BRIEF: Please copy exactly the lines from the top of the data through the line containing "- y)) has_derivative", and nothing else.

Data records
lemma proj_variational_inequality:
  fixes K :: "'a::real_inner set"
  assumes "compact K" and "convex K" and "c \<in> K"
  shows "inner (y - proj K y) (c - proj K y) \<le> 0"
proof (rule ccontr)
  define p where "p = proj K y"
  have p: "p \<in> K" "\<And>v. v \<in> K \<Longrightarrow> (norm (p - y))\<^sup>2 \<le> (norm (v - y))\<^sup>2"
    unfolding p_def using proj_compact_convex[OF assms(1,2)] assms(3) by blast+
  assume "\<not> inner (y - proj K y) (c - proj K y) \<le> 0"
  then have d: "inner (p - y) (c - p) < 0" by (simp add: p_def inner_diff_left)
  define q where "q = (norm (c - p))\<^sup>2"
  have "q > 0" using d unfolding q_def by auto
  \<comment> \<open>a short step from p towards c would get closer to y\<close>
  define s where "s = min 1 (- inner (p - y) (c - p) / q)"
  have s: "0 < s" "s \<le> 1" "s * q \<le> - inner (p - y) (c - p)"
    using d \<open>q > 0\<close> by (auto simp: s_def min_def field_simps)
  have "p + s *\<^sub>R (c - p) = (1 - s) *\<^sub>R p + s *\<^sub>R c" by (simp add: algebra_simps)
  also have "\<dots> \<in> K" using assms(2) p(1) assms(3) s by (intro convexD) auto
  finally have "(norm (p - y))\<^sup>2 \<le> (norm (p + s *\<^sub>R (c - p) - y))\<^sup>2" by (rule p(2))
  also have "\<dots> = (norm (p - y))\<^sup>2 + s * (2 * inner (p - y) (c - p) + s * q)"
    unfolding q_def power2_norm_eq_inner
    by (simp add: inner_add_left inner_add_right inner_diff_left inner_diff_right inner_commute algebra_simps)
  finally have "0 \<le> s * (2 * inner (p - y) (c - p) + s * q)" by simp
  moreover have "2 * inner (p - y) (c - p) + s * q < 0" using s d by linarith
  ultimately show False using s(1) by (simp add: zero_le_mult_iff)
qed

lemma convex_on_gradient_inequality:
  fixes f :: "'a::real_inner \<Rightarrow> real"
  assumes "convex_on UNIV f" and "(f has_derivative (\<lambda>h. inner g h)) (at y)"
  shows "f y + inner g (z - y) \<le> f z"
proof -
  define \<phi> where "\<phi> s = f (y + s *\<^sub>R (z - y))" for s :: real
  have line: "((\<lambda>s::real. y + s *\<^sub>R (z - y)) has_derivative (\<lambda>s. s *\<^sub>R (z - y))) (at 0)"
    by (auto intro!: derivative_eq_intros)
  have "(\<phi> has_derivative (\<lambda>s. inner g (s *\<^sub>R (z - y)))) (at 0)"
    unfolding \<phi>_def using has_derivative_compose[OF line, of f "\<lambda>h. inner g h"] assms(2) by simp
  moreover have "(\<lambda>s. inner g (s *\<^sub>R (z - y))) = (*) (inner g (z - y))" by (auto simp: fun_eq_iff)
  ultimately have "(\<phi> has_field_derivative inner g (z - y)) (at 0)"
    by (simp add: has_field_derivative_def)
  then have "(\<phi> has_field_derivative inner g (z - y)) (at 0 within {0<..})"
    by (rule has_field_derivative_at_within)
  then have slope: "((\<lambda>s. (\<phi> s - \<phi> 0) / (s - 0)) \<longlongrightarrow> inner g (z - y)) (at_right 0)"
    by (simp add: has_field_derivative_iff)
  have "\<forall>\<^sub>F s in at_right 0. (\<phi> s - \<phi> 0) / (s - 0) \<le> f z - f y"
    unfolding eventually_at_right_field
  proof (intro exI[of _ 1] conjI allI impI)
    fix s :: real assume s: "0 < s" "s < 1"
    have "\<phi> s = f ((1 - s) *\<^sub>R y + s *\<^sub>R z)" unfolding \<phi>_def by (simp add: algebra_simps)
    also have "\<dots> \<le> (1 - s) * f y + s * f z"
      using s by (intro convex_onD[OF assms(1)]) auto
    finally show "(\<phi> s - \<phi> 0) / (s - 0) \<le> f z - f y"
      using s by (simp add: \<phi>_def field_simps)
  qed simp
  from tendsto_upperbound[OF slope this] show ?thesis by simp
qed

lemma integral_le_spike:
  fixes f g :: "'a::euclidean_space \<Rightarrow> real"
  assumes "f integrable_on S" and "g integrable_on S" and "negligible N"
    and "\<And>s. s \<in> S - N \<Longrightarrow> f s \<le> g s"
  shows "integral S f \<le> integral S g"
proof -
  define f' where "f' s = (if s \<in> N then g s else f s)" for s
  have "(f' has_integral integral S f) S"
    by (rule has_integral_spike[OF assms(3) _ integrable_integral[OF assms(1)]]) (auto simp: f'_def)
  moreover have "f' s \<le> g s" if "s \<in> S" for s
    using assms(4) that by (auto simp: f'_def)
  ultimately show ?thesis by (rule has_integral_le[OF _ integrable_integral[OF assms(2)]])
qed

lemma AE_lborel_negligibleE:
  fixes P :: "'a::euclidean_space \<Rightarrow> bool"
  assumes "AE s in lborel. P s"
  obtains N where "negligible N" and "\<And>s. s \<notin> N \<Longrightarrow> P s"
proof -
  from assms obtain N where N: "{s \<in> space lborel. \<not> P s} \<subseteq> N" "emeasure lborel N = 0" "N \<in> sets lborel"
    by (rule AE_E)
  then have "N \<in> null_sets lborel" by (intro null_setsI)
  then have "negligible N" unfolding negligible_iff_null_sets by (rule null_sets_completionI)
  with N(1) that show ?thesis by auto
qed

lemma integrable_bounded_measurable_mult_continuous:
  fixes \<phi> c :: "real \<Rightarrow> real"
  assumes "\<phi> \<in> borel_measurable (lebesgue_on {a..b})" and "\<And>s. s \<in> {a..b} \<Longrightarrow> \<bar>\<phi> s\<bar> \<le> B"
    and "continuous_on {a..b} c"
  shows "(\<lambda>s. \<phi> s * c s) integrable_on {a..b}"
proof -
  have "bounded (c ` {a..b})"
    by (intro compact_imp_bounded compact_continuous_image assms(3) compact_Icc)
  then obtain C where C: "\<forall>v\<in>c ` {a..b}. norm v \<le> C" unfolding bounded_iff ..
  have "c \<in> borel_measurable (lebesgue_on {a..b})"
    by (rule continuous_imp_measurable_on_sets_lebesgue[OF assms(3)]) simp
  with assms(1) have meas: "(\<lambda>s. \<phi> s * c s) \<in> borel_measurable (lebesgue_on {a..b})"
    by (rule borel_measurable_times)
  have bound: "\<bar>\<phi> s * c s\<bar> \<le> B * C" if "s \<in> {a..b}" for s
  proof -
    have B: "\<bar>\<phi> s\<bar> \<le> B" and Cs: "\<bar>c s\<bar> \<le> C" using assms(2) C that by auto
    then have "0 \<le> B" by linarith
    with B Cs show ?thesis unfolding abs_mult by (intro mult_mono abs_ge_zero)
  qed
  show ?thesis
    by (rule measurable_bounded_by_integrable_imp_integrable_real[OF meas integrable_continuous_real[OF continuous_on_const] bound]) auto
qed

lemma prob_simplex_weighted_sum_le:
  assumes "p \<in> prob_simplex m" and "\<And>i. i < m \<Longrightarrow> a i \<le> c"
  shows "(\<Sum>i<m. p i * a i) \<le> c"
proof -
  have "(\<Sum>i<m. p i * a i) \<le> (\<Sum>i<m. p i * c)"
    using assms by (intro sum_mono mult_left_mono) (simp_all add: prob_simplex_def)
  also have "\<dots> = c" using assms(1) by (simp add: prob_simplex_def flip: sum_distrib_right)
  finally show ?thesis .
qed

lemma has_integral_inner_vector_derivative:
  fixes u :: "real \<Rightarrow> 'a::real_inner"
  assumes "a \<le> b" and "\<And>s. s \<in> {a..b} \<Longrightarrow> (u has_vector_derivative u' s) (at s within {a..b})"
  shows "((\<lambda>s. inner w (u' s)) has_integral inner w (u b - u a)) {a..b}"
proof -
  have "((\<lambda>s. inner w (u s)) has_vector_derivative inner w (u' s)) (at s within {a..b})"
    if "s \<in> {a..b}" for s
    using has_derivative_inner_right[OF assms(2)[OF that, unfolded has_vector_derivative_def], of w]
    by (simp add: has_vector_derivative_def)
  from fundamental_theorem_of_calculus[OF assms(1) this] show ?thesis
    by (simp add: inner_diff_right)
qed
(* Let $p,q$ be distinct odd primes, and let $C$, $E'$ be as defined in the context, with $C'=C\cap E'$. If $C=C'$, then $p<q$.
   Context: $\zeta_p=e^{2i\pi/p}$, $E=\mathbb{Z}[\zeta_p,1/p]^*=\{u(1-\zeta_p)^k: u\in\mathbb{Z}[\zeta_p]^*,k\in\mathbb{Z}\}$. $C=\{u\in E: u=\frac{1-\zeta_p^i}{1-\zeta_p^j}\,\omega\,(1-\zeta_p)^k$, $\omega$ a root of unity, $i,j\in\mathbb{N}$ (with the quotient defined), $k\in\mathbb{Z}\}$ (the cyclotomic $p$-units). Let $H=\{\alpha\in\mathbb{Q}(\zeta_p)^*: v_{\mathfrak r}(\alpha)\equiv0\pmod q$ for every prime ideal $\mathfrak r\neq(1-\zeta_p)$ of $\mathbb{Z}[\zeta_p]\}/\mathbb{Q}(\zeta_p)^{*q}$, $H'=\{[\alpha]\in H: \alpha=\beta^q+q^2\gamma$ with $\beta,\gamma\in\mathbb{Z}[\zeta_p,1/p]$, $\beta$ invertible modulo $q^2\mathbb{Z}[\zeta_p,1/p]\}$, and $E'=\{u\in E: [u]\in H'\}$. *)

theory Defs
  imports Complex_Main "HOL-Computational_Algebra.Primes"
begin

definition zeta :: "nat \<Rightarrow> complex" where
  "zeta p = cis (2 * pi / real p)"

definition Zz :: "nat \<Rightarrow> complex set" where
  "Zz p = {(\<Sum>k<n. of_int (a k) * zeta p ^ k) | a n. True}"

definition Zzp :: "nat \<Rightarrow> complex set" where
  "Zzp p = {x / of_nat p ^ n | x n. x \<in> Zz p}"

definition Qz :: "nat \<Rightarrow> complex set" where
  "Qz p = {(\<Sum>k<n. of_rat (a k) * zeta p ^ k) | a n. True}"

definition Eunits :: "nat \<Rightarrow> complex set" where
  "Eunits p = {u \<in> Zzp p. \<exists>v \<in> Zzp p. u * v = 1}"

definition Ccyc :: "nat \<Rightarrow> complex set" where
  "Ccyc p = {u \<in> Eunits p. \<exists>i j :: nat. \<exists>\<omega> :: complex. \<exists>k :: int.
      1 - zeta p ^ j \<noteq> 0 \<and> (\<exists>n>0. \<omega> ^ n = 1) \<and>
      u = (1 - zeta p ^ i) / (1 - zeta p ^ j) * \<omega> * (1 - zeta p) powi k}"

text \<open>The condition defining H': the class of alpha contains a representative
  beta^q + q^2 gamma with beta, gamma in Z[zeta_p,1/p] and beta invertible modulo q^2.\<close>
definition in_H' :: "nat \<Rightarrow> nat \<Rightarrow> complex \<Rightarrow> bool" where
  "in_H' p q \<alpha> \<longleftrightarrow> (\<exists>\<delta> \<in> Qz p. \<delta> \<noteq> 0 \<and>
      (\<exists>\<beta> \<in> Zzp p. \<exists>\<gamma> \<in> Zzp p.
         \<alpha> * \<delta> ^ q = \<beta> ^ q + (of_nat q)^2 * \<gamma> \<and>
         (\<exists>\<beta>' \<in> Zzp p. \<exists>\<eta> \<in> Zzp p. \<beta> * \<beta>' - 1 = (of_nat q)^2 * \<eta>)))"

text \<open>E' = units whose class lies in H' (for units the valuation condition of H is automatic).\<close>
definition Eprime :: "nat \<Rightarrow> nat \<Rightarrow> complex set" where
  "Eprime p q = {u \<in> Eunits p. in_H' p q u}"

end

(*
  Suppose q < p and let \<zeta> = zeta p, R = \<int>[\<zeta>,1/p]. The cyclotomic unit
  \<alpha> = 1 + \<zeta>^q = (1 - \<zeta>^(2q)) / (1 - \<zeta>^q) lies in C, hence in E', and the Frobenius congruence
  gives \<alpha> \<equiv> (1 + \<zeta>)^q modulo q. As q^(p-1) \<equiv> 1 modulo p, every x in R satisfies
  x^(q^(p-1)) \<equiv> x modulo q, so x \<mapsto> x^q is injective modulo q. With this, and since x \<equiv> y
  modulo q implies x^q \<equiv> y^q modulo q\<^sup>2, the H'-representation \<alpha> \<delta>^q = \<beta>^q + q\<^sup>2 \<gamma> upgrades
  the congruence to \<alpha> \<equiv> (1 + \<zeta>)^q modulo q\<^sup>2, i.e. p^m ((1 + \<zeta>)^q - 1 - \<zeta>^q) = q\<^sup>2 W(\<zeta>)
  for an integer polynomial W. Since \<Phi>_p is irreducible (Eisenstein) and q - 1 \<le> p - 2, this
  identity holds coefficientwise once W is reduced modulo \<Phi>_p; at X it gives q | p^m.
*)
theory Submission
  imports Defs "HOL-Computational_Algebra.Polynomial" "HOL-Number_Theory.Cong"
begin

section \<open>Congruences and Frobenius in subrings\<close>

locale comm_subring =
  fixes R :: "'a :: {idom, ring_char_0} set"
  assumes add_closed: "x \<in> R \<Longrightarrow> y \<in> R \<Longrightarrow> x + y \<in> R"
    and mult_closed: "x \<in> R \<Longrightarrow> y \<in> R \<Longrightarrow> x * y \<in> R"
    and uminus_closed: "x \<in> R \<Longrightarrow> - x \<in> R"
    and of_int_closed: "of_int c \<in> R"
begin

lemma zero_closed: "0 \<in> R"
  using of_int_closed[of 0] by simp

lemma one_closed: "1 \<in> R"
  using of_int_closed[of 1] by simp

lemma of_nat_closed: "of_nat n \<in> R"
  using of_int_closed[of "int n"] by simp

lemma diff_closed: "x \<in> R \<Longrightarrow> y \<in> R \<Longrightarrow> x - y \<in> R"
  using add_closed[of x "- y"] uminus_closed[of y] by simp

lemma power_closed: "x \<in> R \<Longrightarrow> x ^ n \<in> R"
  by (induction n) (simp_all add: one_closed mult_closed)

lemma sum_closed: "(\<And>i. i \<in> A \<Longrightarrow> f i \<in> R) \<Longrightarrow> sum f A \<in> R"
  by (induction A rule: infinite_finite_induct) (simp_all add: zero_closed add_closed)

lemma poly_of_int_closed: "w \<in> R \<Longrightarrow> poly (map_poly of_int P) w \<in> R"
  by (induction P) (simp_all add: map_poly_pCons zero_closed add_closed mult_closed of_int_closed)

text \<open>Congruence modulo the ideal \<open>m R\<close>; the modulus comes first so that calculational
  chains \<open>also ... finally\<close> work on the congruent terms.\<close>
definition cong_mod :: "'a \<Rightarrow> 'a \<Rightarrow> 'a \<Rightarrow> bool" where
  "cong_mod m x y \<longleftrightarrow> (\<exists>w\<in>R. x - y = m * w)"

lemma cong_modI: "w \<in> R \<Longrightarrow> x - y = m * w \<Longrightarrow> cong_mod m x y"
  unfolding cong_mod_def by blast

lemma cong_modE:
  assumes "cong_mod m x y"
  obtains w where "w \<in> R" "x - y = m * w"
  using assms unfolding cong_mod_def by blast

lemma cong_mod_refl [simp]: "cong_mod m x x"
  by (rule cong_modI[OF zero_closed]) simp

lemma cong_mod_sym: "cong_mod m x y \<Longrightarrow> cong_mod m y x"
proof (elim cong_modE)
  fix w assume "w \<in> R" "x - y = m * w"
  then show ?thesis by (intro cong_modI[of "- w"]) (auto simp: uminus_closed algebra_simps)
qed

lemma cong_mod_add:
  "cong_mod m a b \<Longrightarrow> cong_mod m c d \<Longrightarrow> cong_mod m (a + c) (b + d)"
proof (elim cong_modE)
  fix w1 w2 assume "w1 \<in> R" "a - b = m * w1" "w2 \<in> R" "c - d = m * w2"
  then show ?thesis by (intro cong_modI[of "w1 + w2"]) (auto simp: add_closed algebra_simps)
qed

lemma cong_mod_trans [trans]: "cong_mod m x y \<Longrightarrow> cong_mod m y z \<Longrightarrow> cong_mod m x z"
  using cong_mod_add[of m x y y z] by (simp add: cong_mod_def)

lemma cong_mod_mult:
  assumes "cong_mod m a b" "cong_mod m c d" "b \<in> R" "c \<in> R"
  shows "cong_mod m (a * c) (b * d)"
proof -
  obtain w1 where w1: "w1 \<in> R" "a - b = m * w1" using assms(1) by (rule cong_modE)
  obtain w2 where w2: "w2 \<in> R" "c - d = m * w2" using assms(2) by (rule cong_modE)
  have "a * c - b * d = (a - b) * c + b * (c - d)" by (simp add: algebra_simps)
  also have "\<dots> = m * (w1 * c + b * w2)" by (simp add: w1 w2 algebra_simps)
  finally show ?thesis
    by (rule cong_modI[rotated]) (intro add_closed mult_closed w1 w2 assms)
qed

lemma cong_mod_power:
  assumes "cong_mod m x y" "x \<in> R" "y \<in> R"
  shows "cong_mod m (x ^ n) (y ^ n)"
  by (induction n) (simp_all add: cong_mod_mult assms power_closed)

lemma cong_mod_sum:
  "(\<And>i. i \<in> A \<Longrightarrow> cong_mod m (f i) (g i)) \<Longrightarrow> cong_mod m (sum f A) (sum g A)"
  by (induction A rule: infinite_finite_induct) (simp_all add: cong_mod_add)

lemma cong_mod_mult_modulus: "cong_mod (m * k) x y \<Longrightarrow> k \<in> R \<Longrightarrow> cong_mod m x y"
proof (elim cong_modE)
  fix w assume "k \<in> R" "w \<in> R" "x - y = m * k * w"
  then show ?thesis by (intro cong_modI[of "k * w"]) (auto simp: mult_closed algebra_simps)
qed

TASK ANSWER:
lemma proj_variational_inequality:
  fixes K :: "'a::real_inner set"
  assumes "compact K" and "convex K" and "c \<in> K"
  shows "inner (y - proj K y) (c - proj K y) \<le> 0"
proof (rule ccontr)
  define p where "p = proj K y"
  have p: "p \<in> K" "\<And>v. v \<in> K \<Longrightarrow> (norm (p - y))\<^sup>2 \<le> (norm (v - y))\<^sup>2"
    unfolding p_def using proj_compact_convex[OF assms(1,2)] assms(3) by blast+
  assume "\<not> inner (y - proj K y) (c - proj K y) \<le> 0"
  then have d: "inner (p - y) (c - p) < 0" by (simp add: p_def inner_diff_left)
  define q where "q = (norm (c - p))\<^sup>2"
  have "q > 0" using d unfolding q_def by auto
  \<comment> \<open>a short step from p towards c would get closer to y\<close>
  define s where "s = min 1 (- inner (p - y) (c - p) / q)"
  have s: "0 < s" "s \<le> 1" "s * q \<le> - inner (p - y) (c - p)"
    using d \<open>q > 0\<close> by (auto simp: s_def min_def field_simps)
  have "p + s *\<^sub>R (c - p) = (1 - s) *\<^sub>R p + s *\<^sub>R c" by (simp add: algebra_simps)
  also have "\<dots> \<in> K" using assms(2) p(1) assms(3) s by (intro convexD) auto
  finally have "(norm (p - y))\<^sup>2 \<le> (norm (p + s *\<^sub>R (c - p) - y))\<^sup>2" by (rule p(2))
  also have "\<dots> = (norm (p - y))\<^sup>2 + s * (2 * inner (p - y) (c - p) + s * q)"
    unfolding q_def power2_norm_eq_inner
    by (simp add: inner_add_left inner_add_right inner_diff_left inner_diff_right inner_commute algebra_simps)
  finally have "0 \<le> s * (2 * inner (p - y) (c - p) + s * q)" by simp
  moreover have "2 * inner (p - y) (c - p) + s * q < 0" using s d by linarith
  ultimately show False using s(1) by (simp add: zero_le_mult_iff)
qed

lemma convex_on_gradient_inequality:
  fixes f :: "'a::real_inner \<Rightarrow> real"
  assumes "convex_on UNIV f" and "(f has_derivative (\<lambda>h. inner g h)) (at y)"
  shows "f y + inner g (z - y) \<le> f z"
proof -
  define \<phi> where "\<phi> s = f (y + s *\<^sub>R (z - y))" for s :: real
  have line: "((\<lambda>s::real. y + s *\<^sub>R (z - y)) has_derivative (\<lambda>s. s *\<^sub>R (z - y))) (at 0)"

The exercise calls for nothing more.